From the records below, state how many lines hold the string "that", without any other text.

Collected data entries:
[Start of Attachment]

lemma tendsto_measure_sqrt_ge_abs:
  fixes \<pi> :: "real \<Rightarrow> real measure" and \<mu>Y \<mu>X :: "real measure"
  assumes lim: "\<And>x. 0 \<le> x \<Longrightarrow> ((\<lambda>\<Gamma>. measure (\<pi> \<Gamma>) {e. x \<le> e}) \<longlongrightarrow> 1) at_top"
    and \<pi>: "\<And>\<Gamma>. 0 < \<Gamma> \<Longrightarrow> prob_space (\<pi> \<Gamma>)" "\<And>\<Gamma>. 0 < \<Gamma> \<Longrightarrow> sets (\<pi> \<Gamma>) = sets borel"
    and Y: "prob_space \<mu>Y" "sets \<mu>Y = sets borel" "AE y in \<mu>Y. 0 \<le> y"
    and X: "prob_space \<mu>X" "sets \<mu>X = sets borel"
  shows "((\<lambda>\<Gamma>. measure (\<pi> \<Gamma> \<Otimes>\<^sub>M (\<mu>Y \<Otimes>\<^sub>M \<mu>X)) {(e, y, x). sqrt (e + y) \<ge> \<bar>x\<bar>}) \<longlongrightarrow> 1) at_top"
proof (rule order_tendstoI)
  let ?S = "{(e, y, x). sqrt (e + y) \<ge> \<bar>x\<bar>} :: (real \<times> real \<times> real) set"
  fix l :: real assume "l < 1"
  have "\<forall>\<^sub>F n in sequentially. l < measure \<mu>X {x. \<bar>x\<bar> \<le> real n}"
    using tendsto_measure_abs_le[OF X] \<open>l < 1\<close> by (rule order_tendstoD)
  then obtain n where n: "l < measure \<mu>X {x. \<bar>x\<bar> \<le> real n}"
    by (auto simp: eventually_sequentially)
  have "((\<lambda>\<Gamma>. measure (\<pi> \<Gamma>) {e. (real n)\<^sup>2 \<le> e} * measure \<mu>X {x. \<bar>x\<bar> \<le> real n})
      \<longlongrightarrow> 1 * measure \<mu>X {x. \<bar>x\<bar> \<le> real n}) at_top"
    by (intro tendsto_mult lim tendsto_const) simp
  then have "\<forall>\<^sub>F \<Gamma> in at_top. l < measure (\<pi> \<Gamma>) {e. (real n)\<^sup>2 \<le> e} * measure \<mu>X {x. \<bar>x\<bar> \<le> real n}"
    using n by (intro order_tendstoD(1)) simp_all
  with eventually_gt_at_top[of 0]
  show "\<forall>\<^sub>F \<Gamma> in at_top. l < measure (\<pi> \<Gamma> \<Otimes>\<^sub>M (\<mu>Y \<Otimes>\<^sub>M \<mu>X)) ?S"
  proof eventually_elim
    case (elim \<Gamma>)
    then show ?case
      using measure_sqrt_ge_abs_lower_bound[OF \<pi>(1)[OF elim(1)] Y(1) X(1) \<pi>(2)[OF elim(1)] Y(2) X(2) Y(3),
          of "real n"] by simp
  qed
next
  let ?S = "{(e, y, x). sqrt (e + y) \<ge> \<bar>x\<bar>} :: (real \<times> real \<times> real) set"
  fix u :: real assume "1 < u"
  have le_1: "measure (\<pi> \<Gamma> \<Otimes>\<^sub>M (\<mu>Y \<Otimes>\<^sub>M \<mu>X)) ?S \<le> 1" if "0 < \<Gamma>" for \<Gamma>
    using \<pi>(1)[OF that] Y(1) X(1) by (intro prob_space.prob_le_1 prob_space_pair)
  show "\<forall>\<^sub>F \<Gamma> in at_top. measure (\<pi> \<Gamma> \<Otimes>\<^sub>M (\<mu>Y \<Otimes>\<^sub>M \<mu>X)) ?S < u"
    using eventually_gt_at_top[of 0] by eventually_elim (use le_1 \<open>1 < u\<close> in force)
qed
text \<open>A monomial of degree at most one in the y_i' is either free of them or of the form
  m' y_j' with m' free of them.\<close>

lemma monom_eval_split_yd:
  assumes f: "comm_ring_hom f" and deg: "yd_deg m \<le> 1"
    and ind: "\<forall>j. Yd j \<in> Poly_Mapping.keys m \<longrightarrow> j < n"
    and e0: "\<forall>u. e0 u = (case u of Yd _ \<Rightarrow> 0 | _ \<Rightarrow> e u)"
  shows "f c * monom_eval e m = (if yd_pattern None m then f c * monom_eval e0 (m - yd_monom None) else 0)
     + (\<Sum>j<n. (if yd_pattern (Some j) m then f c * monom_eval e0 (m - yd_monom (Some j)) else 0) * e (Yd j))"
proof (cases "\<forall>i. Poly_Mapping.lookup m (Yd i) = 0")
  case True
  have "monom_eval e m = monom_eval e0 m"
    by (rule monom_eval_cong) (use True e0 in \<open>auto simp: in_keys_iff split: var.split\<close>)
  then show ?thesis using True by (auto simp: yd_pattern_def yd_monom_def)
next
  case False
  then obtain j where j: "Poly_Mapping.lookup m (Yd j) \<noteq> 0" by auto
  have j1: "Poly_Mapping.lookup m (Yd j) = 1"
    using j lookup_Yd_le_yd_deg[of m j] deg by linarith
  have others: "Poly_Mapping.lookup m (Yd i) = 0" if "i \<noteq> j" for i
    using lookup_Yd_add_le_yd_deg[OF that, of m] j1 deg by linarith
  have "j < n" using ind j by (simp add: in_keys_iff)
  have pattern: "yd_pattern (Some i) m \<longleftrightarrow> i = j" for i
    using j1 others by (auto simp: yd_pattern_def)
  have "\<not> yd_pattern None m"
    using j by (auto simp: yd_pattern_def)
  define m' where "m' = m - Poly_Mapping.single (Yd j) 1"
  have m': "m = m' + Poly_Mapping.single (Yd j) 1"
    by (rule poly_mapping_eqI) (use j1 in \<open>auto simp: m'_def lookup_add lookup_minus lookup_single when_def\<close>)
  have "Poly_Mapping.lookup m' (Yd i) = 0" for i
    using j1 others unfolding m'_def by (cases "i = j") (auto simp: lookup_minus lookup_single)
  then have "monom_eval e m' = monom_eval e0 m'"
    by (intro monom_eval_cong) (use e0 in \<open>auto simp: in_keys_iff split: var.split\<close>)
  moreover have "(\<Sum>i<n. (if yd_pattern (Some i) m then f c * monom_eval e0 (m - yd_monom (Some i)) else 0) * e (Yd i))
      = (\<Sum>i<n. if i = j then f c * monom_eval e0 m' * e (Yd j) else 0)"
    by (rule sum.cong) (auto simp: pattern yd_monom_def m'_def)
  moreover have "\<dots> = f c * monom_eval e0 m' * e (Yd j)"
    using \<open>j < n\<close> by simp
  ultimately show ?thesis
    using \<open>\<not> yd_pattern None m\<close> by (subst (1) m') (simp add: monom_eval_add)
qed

[End of Attachment]

_TASK ANSWER:_
2